Filter the records below for the word "else". Keep each line that has it.

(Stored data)
== Segment start ==

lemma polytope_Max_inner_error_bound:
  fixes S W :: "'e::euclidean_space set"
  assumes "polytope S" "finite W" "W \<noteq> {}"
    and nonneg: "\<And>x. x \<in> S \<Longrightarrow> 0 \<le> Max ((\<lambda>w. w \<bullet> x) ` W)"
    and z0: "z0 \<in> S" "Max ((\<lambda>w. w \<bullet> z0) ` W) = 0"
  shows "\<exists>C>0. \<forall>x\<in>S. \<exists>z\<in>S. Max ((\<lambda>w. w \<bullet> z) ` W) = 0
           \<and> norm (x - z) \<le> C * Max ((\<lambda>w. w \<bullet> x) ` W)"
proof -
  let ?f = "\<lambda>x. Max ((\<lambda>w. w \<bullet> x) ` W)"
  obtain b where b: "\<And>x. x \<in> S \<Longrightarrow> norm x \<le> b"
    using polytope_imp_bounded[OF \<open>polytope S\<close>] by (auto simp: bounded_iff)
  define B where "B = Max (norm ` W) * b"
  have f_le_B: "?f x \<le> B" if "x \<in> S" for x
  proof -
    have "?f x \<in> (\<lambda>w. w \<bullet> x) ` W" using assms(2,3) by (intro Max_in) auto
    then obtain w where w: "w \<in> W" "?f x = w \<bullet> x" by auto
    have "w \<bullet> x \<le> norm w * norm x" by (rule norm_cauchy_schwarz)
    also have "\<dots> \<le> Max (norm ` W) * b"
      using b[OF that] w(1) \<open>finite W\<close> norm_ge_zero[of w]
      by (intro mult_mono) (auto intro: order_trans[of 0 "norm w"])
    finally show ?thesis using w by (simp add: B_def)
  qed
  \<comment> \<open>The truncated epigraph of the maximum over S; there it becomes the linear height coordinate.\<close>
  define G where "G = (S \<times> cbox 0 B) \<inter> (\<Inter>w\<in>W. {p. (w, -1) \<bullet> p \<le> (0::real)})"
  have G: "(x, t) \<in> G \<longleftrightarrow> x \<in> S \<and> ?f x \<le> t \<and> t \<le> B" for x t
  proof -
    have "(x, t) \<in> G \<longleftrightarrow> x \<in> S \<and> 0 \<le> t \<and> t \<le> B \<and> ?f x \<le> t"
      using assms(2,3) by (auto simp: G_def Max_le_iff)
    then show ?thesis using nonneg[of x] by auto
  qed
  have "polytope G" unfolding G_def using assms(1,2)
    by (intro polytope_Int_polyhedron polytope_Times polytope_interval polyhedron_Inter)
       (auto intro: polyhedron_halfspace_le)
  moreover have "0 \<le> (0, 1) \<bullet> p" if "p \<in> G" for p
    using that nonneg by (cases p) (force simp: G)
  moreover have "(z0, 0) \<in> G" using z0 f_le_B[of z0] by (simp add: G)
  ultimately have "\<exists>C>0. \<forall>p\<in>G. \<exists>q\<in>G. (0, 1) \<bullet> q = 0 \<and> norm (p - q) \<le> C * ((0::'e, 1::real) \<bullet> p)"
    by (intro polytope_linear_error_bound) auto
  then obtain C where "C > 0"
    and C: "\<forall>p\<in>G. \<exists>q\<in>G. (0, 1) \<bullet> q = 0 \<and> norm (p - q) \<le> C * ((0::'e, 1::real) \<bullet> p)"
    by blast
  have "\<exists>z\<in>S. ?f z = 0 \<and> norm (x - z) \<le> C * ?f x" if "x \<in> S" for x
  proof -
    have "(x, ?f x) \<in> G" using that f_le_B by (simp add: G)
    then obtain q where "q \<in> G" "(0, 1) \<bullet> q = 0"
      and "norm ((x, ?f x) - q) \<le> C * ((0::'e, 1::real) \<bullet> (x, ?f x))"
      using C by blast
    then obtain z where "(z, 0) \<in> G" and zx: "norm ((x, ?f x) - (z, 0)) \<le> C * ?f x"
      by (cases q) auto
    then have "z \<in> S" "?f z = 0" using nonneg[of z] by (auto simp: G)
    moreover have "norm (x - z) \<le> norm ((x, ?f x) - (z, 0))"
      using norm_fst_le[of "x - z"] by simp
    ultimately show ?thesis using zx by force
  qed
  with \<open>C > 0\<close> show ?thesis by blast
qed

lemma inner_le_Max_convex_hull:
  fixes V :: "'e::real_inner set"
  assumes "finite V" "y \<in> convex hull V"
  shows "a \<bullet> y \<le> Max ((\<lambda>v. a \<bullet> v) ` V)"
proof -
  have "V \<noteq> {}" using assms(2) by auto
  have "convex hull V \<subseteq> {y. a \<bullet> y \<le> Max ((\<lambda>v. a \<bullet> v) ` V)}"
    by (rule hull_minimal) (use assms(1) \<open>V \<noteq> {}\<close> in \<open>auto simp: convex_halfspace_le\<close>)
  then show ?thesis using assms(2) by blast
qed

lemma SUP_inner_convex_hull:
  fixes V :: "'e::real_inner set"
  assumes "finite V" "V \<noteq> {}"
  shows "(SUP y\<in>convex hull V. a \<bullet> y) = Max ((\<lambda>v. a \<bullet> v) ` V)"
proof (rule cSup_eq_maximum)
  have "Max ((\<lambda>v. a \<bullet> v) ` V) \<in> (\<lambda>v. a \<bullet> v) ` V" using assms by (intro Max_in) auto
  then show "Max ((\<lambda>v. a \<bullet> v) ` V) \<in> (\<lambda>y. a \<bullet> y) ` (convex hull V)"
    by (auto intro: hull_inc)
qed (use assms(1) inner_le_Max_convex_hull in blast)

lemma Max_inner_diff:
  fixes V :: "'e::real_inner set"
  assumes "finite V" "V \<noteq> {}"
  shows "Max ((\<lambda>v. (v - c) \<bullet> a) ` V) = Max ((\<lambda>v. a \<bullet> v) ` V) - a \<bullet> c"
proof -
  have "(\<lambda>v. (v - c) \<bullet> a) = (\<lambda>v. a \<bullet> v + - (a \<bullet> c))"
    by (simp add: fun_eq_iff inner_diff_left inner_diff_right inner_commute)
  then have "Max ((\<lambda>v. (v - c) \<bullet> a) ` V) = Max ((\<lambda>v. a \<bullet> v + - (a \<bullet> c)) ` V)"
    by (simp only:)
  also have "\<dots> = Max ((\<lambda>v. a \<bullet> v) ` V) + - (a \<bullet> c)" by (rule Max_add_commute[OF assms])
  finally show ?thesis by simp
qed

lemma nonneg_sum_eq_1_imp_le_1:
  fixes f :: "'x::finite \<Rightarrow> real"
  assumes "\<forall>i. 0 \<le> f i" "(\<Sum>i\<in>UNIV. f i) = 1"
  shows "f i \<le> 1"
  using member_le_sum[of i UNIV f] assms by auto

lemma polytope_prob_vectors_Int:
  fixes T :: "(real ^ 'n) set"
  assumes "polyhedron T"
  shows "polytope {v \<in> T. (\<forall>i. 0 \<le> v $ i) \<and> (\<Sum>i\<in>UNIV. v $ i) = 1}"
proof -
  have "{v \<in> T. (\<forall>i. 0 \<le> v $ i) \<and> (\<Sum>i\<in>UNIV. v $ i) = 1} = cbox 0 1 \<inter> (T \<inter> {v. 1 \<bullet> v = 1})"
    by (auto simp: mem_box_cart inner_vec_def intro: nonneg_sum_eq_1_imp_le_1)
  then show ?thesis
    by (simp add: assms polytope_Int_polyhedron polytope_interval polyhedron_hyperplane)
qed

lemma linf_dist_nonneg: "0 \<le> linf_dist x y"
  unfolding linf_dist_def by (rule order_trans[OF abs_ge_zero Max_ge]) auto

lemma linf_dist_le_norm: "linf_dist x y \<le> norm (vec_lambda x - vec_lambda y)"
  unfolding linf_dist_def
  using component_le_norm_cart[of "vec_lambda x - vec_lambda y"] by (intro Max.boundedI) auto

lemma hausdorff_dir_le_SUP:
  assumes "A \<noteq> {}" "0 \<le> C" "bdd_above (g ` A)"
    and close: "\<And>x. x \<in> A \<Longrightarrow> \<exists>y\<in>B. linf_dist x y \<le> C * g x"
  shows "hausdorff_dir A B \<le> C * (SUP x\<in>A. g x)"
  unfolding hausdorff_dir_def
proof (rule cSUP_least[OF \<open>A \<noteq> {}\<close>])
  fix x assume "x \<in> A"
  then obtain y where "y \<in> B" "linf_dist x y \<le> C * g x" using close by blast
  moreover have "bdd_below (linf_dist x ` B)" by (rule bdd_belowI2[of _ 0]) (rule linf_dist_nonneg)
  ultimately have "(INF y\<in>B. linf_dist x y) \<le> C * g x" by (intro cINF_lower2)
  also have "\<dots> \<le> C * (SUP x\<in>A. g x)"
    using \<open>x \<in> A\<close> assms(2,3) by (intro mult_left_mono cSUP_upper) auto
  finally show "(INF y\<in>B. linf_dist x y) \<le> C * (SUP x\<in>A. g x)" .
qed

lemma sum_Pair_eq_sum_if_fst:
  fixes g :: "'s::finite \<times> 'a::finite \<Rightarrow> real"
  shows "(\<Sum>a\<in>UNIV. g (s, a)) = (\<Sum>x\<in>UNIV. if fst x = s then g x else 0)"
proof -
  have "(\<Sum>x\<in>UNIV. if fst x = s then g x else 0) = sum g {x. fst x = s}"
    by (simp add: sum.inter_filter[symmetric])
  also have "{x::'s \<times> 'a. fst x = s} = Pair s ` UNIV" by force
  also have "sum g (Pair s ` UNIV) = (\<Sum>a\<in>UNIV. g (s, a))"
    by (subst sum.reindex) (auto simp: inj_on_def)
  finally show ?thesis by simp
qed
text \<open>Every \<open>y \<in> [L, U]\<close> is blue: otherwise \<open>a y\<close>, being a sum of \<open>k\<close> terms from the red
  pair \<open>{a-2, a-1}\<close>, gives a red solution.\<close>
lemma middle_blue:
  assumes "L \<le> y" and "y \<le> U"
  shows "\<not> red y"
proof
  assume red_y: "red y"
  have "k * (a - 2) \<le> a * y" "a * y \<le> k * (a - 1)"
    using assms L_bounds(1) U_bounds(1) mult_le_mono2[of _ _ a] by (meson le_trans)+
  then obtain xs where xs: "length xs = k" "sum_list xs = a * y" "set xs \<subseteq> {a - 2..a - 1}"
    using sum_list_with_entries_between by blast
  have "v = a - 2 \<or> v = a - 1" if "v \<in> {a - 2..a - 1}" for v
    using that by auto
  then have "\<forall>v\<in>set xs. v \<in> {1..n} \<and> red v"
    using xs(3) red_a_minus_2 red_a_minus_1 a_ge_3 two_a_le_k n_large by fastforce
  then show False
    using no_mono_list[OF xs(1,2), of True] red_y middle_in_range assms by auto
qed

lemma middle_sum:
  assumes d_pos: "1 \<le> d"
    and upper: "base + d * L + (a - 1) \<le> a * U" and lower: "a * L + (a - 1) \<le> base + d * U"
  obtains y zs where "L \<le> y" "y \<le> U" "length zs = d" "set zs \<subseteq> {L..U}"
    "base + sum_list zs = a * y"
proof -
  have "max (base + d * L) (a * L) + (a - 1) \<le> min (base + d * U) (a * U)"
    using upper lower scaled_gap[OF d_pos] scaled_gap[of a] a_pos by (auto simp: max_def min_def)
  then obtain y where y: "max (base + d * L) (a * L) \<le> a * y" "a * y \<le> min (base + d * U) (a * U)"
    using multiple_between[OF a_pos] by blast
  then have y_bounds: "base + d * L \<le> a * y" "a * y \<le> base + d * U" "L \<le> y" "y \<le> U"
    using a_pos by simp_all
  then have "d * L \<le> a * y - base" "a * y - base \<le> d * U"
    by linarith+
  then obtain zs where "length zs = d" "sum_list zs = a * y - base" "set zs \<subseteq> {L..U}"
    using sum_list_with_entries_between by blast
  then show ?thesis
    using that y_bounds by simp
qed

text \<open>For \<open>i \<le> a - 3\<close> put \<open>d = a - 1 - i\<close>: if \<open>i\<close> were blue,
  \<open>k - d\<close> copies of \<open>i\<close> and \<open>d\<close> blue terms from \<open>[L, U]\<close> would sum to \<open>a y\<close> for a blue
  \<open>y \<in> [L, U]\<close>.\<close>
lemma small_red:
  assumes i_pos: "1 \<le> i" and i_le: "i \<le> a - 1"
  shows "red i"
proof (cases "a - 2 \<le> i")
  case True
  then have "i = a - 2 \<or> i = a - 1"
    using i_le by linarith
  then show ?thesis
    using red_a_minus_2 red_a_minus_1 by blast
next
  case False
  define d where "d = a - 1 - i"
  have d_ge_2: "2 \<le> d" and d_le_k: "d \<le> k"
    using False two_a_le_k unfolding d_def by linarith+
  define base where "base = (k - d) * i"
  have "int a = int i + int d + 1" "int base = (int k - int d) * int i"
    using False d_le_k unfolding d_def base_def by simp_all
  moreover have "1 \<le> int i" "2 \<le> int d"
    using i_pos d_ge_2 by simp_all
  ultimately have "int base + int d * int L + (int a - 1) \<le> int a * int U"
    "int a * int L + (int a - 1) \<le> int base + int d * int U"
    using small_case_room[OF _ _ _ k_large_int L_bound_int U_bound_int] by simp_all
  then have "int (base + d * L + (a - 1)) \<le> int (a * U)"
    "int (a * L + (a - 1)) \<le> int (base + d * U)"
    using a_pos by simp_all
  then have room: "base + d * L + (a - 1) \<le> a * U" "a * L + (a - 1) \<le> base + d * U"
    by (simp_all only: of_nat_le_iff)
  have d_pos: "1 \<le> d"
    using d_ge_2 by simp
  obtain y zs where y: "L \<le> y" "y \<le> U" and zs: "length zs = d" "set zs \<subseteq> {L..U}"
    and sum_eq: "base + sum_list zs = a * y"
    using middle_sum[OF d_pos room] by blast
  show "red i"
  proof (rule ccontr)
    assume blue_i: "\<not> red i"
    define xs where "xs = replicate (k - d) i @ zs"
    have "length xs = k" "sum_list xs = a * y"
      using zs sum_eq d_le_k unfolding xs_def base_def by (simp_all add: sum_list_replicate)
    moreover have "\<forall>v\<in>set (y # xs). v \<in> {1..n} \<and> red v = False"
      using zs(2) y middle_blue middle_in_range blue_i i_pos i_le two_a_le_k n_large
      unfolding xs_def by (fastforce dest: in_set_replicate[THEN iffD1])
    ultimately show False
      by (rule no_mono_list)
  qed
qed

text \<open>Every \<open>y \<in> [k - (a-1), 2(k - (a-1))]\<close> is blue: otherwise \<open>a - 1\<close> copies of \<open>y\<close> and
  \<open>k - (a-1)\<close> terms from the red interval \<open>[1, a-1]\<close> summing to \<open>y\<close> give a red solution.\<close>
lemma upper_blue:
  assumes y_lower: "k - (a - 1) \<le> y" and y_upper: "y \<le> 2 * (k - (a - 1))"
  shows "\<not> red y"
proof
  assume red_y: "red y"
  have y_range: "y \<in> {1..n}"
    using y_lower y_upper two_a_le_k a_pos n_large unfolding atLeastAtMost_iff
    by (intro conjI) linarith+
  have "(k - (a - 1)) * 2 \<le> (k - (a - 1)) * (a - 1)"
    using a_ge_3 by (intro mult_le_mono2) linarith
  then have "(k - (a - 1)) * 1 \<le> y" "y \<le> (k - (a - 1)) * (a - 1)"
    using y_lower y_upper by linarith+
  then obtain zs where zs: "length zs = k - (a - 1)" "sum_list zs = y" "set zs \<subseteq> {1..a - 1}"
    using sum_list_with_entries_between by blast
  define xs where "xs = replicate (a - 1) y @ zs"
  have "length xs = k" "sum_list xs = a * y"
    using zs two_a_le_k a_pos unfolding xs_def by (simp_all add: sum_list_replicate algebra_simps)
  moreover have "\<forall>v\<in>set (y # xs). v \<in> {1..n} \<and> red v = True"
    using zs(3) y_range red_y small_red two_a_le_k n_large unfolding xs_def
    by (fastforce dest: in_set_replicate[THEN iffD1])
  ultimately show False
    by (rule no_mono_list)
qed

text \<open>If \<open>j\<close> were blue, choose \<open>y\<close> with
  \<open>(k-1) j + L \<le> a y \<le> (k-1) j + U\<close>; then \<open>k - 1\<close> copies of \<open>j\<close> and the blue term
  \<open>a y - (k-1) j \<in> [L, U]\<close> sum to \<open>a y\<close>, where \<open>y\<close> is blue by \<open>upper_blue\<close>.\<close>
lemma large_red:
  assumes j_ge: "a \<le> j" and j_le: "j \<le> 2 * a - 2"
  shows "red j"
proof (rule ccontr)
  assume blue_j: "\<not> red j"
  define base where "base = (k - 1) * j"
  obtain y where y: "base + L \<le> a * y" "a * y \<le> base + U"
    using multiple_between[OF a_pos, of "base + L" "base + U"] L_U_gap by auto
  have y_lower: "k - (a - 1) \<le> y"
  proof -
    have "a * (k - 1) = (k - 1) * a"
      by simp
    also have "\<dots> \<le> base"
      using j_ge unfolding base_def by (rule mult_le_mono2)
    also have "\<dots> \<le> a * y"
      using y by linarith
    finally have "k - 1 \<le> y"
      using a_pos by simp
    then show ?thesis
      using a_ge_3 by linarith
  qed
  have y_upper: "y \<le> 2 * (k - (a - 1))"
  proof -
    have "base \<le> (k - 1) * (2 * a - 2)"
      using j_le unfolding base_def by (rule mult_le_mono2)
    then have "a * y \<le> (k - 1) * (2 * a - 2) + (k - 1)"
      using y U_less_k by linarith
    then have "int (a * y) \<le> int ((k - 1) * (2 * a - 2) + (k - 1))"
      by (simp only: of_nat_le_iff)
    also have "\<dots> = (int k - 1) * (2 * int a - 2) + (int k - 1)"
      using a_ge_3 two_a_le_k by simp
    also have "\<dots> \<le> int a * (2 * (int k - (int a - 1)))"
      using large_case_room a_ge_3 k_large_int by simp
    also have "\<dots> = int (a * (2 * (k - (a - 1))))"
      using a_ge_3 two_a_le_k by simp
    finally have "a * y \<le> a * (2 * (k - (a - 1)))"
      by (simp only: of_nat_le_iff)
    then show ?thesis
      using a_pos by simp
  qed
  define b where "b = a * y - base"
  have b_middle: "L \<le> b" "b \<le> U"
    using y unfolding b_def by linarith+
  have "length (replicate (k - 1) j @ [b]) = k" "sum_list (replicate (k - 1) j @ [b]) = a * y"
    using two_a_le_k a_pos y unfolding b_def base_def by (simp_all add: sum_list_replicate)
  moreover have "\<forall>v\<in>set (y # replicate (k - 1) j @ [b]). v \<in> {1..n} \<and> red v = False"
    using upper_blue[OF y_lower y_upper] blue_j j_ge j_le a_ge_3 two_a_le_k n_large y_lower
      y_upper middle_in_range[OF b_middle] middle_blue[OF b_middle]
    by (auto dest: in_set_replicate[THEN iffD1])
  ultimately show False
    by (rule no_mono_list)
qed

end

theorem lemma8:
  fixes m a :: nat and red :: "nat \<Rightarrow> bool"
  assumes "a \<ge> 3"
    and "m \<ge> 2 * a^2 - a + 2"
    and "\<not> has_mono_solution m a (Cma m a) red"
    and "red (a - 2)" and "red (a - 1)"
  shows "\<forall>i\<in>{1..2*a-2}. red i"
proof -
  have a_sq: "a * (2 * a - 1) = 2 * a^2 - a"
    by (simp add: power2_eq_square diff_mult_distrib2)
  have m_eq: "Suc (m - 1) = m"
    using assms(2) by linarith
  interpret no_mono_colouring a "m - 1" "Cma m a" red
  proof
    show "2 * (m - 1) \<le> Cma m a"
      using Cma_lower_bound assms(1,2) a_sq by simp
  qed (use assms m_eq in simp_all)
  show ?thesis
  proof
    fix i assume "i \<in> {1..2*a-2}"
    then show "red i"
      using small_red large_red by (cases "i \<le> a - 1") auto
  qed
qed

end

== Segment end ==

Written response:
  shows "(\<Sum>a\<in>UNIV. g (s, a)) = (\<Sum>x\<in>UNIV. if fst x = s then g x else 0)"
  have "(\<Sum>x\<in>UNIV. if fst x = s then g x else 0) = sum g {x. fst x = s}"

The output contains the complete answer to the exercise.